What you return must be an exact copy of the lines in the listing below between the line holding "k \<Longrightarrow> f" and the line holding "case (Suc d)", inclusive, and nothing more.

● EXTRACTED MATERIAL
>>>

theorem mainTheorem9:
  fixes V :: "'v set" and E :: "'e set" and ends :: "'e \<Rightarrow> 'v \<times> 'v"
    and \<alpha> m :: "'e \<Rightarrow> real" and \<rho> :: "'v \<Rightarrow> real^4"
    and x1 x2 x3 x4 v :: 'v and A B :: "'v set"
  assumes G: "graph V E ends"
    and massless: "\<forall>e\<in>E. m e = 0"
    and X_sub: "{x1, x2, x3, x4} \<subseteq> V"
    and X_dist: "card {x1, x2, x3, x4} = 4"
    and rho_out: "\<forall>u\<in>V - {x1, x2, x3, x4}. \<rho> u = 0"
    and rho_sum: "(\<Sum>u\<in>V. \<rho> u) = 0"
    and onshell: "\<forall>x\<in>{x1, x2, x3, x4}. mink_sq (\<rho> x) = 0"
    and sep_cover: "A \<union> B = V"
    and sep_cap: "A \<inter> B = {v}"
    and sep_noedge: "\<forall>e\<in>E. \<not> ((fst (ends e) \<in> A - B \<and> snd (ends e) \<in> B - A) \<or>
                              (fst (ends e) \<in> B - A \<and> snd (ends e) \<in> A - B))"
    and xA: "x1 \<in> A - {v}" "x2 \<in> A - {v}" "x3 \<in> A - {v}"
    and xB: "x4 \<in> B - {v}"
  shows "phi V E ends \<alpha> m \<rho> =
         phi A (edges_in E ends A) ends \<alpha> m (\<rho>(v := \<rho> x4)) * psi B (edges_in E ends B) ends \<alpha>"
proof -
  have "\<forall>e\<in>E. (fst (ends e) \<in> A \<and> snd (ends e) \<in> A) \<or> (fst (ends e) \<in> B \<and> snd (ends e) \<in> B)"
    using G sep_cover sep_noedge unfolding graph_def by blast
  then interpret one_separation V E ends A B v
    using G sep_cover sep_cap by unfold_locales
  define \<rho>' where "\<rho>' = \<rho>(v := \<rho> x4)"
  have \<rho>_B: "\<forall>u\<in>B - {x4}. \<rho> u = 0"
    using rho_out xA sep_cap sep_cover by auto
  have conservation_A: "(\<Sum>u\<in>A. \<rho>' u) = 0"
    using sum_upd_cut_vertex[OF finite_parts(3,4) sep_cap xB \<rho>_B] rho_sum sep_cover unfolding \<rho>'_def by simp
  have far_side_in_B: "mink_sq (\<Sum>u\<in>V - S. \<rho> u) = 0" if "V - S \<subseteq> B - {v}" for S
    using mink_sq_sum_onshell_support[of "V - S" x4 \<rho>] that \<rho>_B onshell finite_parts(1) by auto
  have "v \<in> A" "v \<in> V"
    using sep_cap sep_cover by auto
  have "phi V E ends \<alpha> m \<rho> =
      (\<Sum>(S, F)\<in>rooted_2forests V E ends v. mink_sq (\<Sum>u\<in>V - S. \<rho> u) * (\<Prod>e\<in>E - F. \<alpha> e))"
    using phi_massless_eq_rooted_sum[OF finite_parts(1,2) \<open>v \<in> V\<close> rho_sum massless] .
  also have "\<dots> = (\<Sum>(S, F)\<in>{p \<in> rooted_2forests V E ends v. V - fst p \<subseteq> A - {v}}.
      mink_sq (\<Sum>u\<in>V - S. \<rho> u) * (\<Prod>e\<in>E - F. \<alpha> e))"
    using far_side_in_B by (intro sum_rooted_2forests_far_side_in_A) simp
  also have "\<dots> = (\<Sum>(S, F)\<in>rooted_2forests A EA ends v. mink_sq (\<Sum>u\<in>A - S. \<rho>' u) * (\<Prod>e\<in>EA - F. \<alpha> e))
      * psi B EB ends \<alpha>"
    by (rule sum_rooted_2forests_glue) (simp add: \<rho>'_def)
  also have "\<dots> = phi A EA ends \<alpha> m \<rho>' * psi B EB ends \<alpha>"
    using phi_massless_eq_rooted_sum[OF finite_parts(3,5) \<open>v \<in> A\<close> conservation_A] massless
    by (simp add: edges_in_def)
  finally show ?thesis
    unfolding \<rho>'_def .
qed

end
text \<open>A finite path is represented by its source node v and its list of edges es
  (es = [] is the 0-length path lambda_v).\<close>
fun chain_from :: "('v,'c) edge set \<Rightarrow> 'v \<Rightarrow> ('v,'c) edge list \<Rightarrow> bool" where
  "chain_from E v [] = True"
| "chain_from E v (e # es) = (e \<in> E \<and> src e = v \<and> chain_from E (tgt e) es)"

definition fin_path :: "('v,'c) arena \<Rightarrow> 'v \<Rightarrow> ('v,'c) edge list \<Rightarrow> bool" where
  "fin_path A v es \<longleftrightarrow> v \<in> aV A \<and> chain_from (aE A) v es"

definition ptarget :: "'v \<Rightarrow> ('v,'c) edge list \<Rightarrow> 'v" where
  "ptarget v es = (if es = [] then v else tgt (last es))"

definition strategy :: "('v,'c) arena \<Rightarrow> ('v \<Rightarrow> ('v,'c) edge list \<Rightarrow> ('v,'c) edge) \<Rightarrow> bool" where
  "strategy A S \<longleftrightarrow> (\<forall>v es. fin_path A v es \<and> ptarget v es \<in> aV0 A \<longrightarrow>
      S v es \<in> aE A \<and> src (S v es) = ptarget v es)"

definition consistent_inf_path ::
  "('v,'c) arena \<Rightarrow> ('v \<Rightarrow> ('v,'c) edge list \<Rightarrow> ('v,'c) edge) \<Rightarrow> 'v \<Rightarrow> (nat \<Rightarrow> ('v,'c) edge) \<Rightarrow> bool" where
  "consistent_inf_path A S v p \<longleftrightarrow>
     (\<forall>i. p i \<in> aE A) \<and> src (p 0) = v \<and> (\<forall>i. tgt (p i) = src (p (Suc i))) \<and>
     (v \<in> aV0 A \<longrightarrow> p 0 = S v []) \<and>
     (\<forall>i. tgt (p i) \<in> aV0 A \<longrightarrow> p (Suc i) = S v (map p [0..<Suc i]))"

definition col_set ::
  "('v,'c) arena \<Rightarrow> ('v \<Rightarrow> ('v,'c) edge list \<Rightarrow> ('v,'c) edge) \<Rightarrow> 'v \<Rightarrow> (nat \<Rightarrow> 'c) set" where
  "col_set A S v = {(\<lambda>i. col (p i)) | p. consistent_inf_path A S v p}"

text \<open>Memory structures (M, m_init, delta); memory states are taken from nat
  (any finite memory set is in bijection with a finite set of naturals).\<close>
definition memory_structure ::
  "('v,'c) arena \<Rightarrow> nat set \<Rightarrow> nat \<Rightarrow> (nat \<Rightarrow> ('v,'c) edge \<Rightarrow> nat) \<Rightarrow> bool" where
  "memory_structure A M m0 \<delta> \<longleftrightarrow> finite M \<and> m0 \<in> M \<and> (\<forall>m\<in>M. \<forall>e\<in>aE A. \<delta> m e \<in> M)"

definition chromatic ::
  "('v,'c) arena \<Rightarrow> nat set \<Rightarrow> (nat \<Rightarrow> ('v,'c) edge \<Rightarrow> nat) \<Rightarrow> bool" where
  "chromatic A M \<delta> \<longleftrightarrow> (\<exists>\<sigma>. \<forall>m\<in>M. \<forall>e\<in>aE A. \<delta> m e = \<sigma> m (col e))"

definition is_M_strategy ::
  "('v,'c) arena \<Rightarrow> nat \<Rightarrow> (nat \<Rightarrow> ('v,'c) edge \<Rightarrow> nat) \<Rightarrow>
     ('v \<Rightarrow> ('v,'c) edge list \<Rightarrow> ('v,'c) edge) \<Rightarrow> bool" where
  "is_M_strategy A m0 \<delta> S \<longleftrightarrow>
     (\<forall>v1 es1 v2 es2. fin_path A v1 es1 \<and> fin_path A v2 es2 \<and>
        ptarget v1 es1 = ptarget v2 es2 \<and> ptarget v1 es1 \<in> aV0 A \<and>
        foldl \<delta> m0 es1 = foldl \<delta> m0 es2 \<longrightarrow> S v1 es1 = S v2 es2)"

definition q_state_strategy ::
  "('v,'c) arena \<Rightarrow> ('v \<Rightarrow> ('v,'c) edge list \<Rightarrow> ('v,'c) edge) \<Rightarrow> nat \<Rightarrow> bool" where
  "q_state_strategy A S q \<longleftrightarrow> strategy A S \<and>
     (\<exists>M m0 \<delta>. memory_structure A M m0 \<delta> \<and> card M = q \<and> is_M_strategy A m0 \<delta> S)"

definition chromatic_q_state_strategy ::
  "('v,'c) arena \<Rightarrow> ('v \<Rightarrow> ('v,'c) edge list \<Rightarrow> ('v,'c) edge) \<Rightarrow> nat \<Rightarrow> bool" where
  "chromatic_q_state_strategy A S q \<longleftrightarrow> strategy A S \<and>
     (\<exists>M m0 \<delta>. memory_structure A M m0 \<delta> \<and> chromatic A M \<delta> \<and> card M = q \<and>
        is_M_strategy A m0 \<delta> S)"

end

theory Submission
  imports Defs
begin

text \<open>Player 1 moves from node 0 to one of n loop nodes 3+j, along edges of one common colour,
  writes a vector xs \<in> {..<q}^n by looping with the colours (k, xs!k), and then exits to
  Player 0's node 1 with a colour naming j. Remembering only the value written at position k
  while sitting in node 3+k, Player 0 can answer xs!j with q memory states. A chromatic memory
  cannot tell the loop nodes apart, so its state before the exit is a function of xs alone.
  The arena is co-deterministic, hence a colour sequence determines the play, and a strategy
  whose colour sequences are among those of the q-state strategy must also answer xs!j.
  So xs is recovered from the memory state, which forces at least q^n states.\<close>

lemma chain_from_append:
  "chain_from E v (xs @ ys) \<longleftrightarrow> chain_from E v xs \<and> chain_from E (ptarget v xs) ys"
  by (induction xs arbitrary: v) (auto simp: ptarget_def)

lemma chain_from_map_upt:
  assumes "\<And>i. i < k \<Longrightarrow> f i \<in> E"
    and "\<And>i. Suc i < k \<Longrightarrow> tgt (f i) = src (f (Suc i))"
    and "0 < k \<Longrightarrow> src (f 0) = v"
  shows "chain_from E v (map f [0..<k])"
  using assms
proof (induction k)
  case (Suc k)
  then have "chain_from E (ptarget v (map f [0..<k])) [f k]"
    by (cases k) (auto simp: ptarget_def)
  with Suc show ?case by (simp add: chain_from_append)
qed simp

definition codeterministic :: "('v,'c) edge set \<Rightarrow> bool" where
  "codeterministic E \<longleftrightarrow> (\<forall>e\<in>E. \<forall>e'\<in>E. col e = col e' \<and> tgt e = tgt e' \<longrightarrow> e = e')"

lemma codeterministic_agree:
  assumes codet: "codeterministic E"
    and edges: "\<And>i. i \<le> k \<Longrightarrow> p i \<in> E \<and> p' i \<in> E"
    and chain: "\<And>i. i < k \<Longrightarrow> tgt (p i) = src (p (Suc i)) \<and> tgt (p' i) = src (p' (Suc i))"
    and cols: "\<And>i. i \<le> k \<Longrightarrow> col (p i) = col (p' i)"
    and tgt_k: "tgt (p k) = tgt (p' k)"
    and "i \<le> k"
  shows "p i = p' i"
proof -
  have "p (k - d) = p' (k - d)" if "d \<le> k" for d
    using that
  proof (induction d)
    case 0
    show ?case using codet edges cols tgt_k unfolding codeterministic_def by auto
  next
    case (Suc d)
    then have "Suc (k - Suc d) = k - d" "k - Suc d < k" by auto
    then have "tgt (p (k - Suc d)) = tgt (p' (k - Suc d))"
      using Suc chain by (metis Suc_leD)
    then show ?case using codet edges cols unfolding codeterministic_def by (meson diff_le_self)
  qed
  from this[of "k - i"] \<open>i \<le> k\<close> show ?thesis by simp
qed

lemma col_set_subset_forces_choice:
  assumes S2: "consistent_inf_path A S2 v p"
    and sub: "col_set A S2 v \<subseteq> col_set A S1 v"
    and unique: "\<And>p'. consistent_inf_path A S1 v p' \<Longrightarrow> (\<And>i. col (p' i) = col (p i)) \<Longrightarrow>
                   \<forall>i\<le>k. p' i = p i"
    and V0: "tgt (p k) \<in> aV0 A"
  shows "col (S2 v (map p [0..<Suc k])) = col (S1 v (map p [0..<Suc k]))"
proof -
  have "(\<lambda>i. col (p i)) \<in> col_set A S1 v"
    using S2 sub unfolding col_set_def by blast
  then obtain p' where S1: "consistent_inf_path A S1 v p'"
    and same_cols: "(\<lambda>i. col (p i)) = (\<lambda>i. col (p' i))"
    unfolding col_set_def by blast
  from same_cols have cols: "\<And>i. col (p' i) = col (p i)" by metis
  from S1 cols have agree: "\<forall>i\<le>k. p' i = p i" by (rule unique)
  then have prefix: "map p' [0..<Suc k] = map p [0..<Suc k]" by simp
  have "p (Suc k) = S2 v (map p [0..<Suc k])"
    using S2 V0 unfolding consistent_inf_path_def by blast
  moreover have "p' (Suc k) = S1 v (map p [0..<Suc k])"
    using S1 V0 agree prefix unfolding consistent_inf_path_def by (metis order_refl)
  ultimately show ?thesis using cols by metis
qed

lemma memory_foldl_closed:
  assumes "memory_structure A M m0 \<delta>" "set es \<subseteq> aE A" "m \<in> M"
  shows "foldl \<delta> m es \<in> M"
  using assms(2,3)
proof (induction es arbitrary: m)
  case (Cons e es)
  then show ?case using assms(1) unfolding memory_structure_def by simp
qed simp

lemma chromatic_foldl_eq:
  assumes ms: "memory_structure A M m0 \<delta>" and chr: "chromatic A M \<delta>"
    and "set es \<subseteq> aE A" "set es' \<subseteq> aE A" "map col es = map col es'" "m \<in> M"
  shows "foldl \<delta> m es = foldl \<delta> m es'"
proof -
  obtain \<sigma> where \<sigma>: "\<And>m e. m \<in> M \<Longrightarrow> e \<in> aE A \<Longrightarrow> \<delta> m e = \<sigma> m (col e)"
    using chr unfolding chromatic_def by blast
  from assms(3-6) show ?thesis
  proof (induction es arbitrary: es' m)
    case Nil then show ?case by simp
  next
    case (Cons e es)
    then obtain e' es'' where es': "es' = e' # es''" by auto
    have "\<delta> m e = \<delta> m e'" using Cons.prems es' \<sigma> by simp
    moreover have "\<delta> m e \<in> M" using Cons.prems ms unfolding memory_structure_def by simp
    ultimately show ?case using Cons es' by simp
  qed
qed

lemma mult_add_less_mult:
  assumes "k < n" "t < q"
  shows "k * q + t < n * (q::nat)"
proof -
  have "k * q + t < Suc k * q" using assms by simp
  also have "\<dots> \<le> n * q" using assms by (intro mult_right_mono) auto
  finally show ?thesis .
qed

text \<open>Colour k*q+t encodes the pair (k, t); n*q+i names the exit from loop node 3+i;
  n*q+n+m is Player 0's answer m; n*q+n+q is shared by all start edges and the sink loop.\<close>

definition lower_bound_edges :: "nat \<Rightarrow> nat \<Rightarrow> (nat,nat) edge set" where
  "lower_bound_edges n q =
       (\<lambda>i. (0, n*q+n+q, 3+i)) ` {..<n}
     \<union> (\<lambda>(i,k,t). (3+i, k*q+t, 3+i)) ` ({..<n} \<times> {..<n} \<times> {..<q})
     \<union> (\<lambda>i. (3+i, n*q+i, 1)) ` {..<n}
     \<union> (\<lambda>m. (1, n*q+n+m, 2)) ` {..<q}
     \<union> {(2, n*q+n+q, 2)}"

definition lower_bound_arena :: "nat \<Rightarrow> nat \<Rightarrow> (nat,nat) arena" where
  "lower_bound_arena n q =
     \<lparr>aV = {..<n+3}, aV0 = {1}, aV1 = {..<n+3} - {1}, aE = lower_bound_edges n q,
      aC = col ` lower_bound_edges n q\<rparr>"

text \<open>Edges leaving nodes 0, 1, 2 have colours \<ge> n*q, so the truncated src e - 3 does no harm.\<close>

definition recall_update :: "nat \<Rightarrow> nat \<Rightarrow> nat \<Rightarrow> (nat,nat) edge \<Rightarrow> nat" where
  "recall_update n q m e = (if col e < n*q \<and> col e div q = src e - 3 then col e mod q else m)"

<<<

● ANSWER SECTION
  assumes "\<And>i. i < k \<Longrightarrow> f i \<in> E"
    and "\<And>i. Suc i < k \<Longrightarrow> tgt (f i) = src (f (Suc i))"
    and "0 < k \<Longrightarrow> src (f 0) = v"
  shows "chain_from E v (map f [0..<k])"
  using assms
proof (induction k)
  case (Suc k)
  then have "chain_from E (ptarget v (map f [0..<k])) [f k]"
    by (cases k) (auto simp: ptarget_def)
  with Suc show ?case by (simp add: chain_from_append)
qed simp

definition codeterministic :: "('v,'c) edge set \<Rightarrow> bool" where
  "codeterministic E \<longleftrightarrow> (\<forall>e\<in>E. \<forall>e'\<in>E. col e = col e' \<and> tgt e = tgt e' \<longrightarrow> e = e')"

lemma codeterministic_agree:
  assumes codet: "codeterministic E"
    and edges: "\<And>i. i \<le> k \<Longrightarrow> p i \<in> E \<and> p' i \<in> E"
    and chain: "\<And>i. i < k \<Longrightarrow> tgt (p i) = src (p (Suc i)) \<and> tgt (p' i) = src (p' (Suc i))"
    and cols: "\<And>i. i \<le> k \<Longrightarrow> col (p i) = col (p' i)"
    and tgt_k: "tgt (p k) = tgt (p' k)"
    and "i \<le> k"
  shows "p i = p' i"
proof -
  have "p (k - d) = p' (k - d)" if "d \<le> k" for d
    using that
  proof (induction d)
    case 0
    show ?case using codet edges cols tgt_k unfolding codeterministic_def by auto
  next
    case (Suc d)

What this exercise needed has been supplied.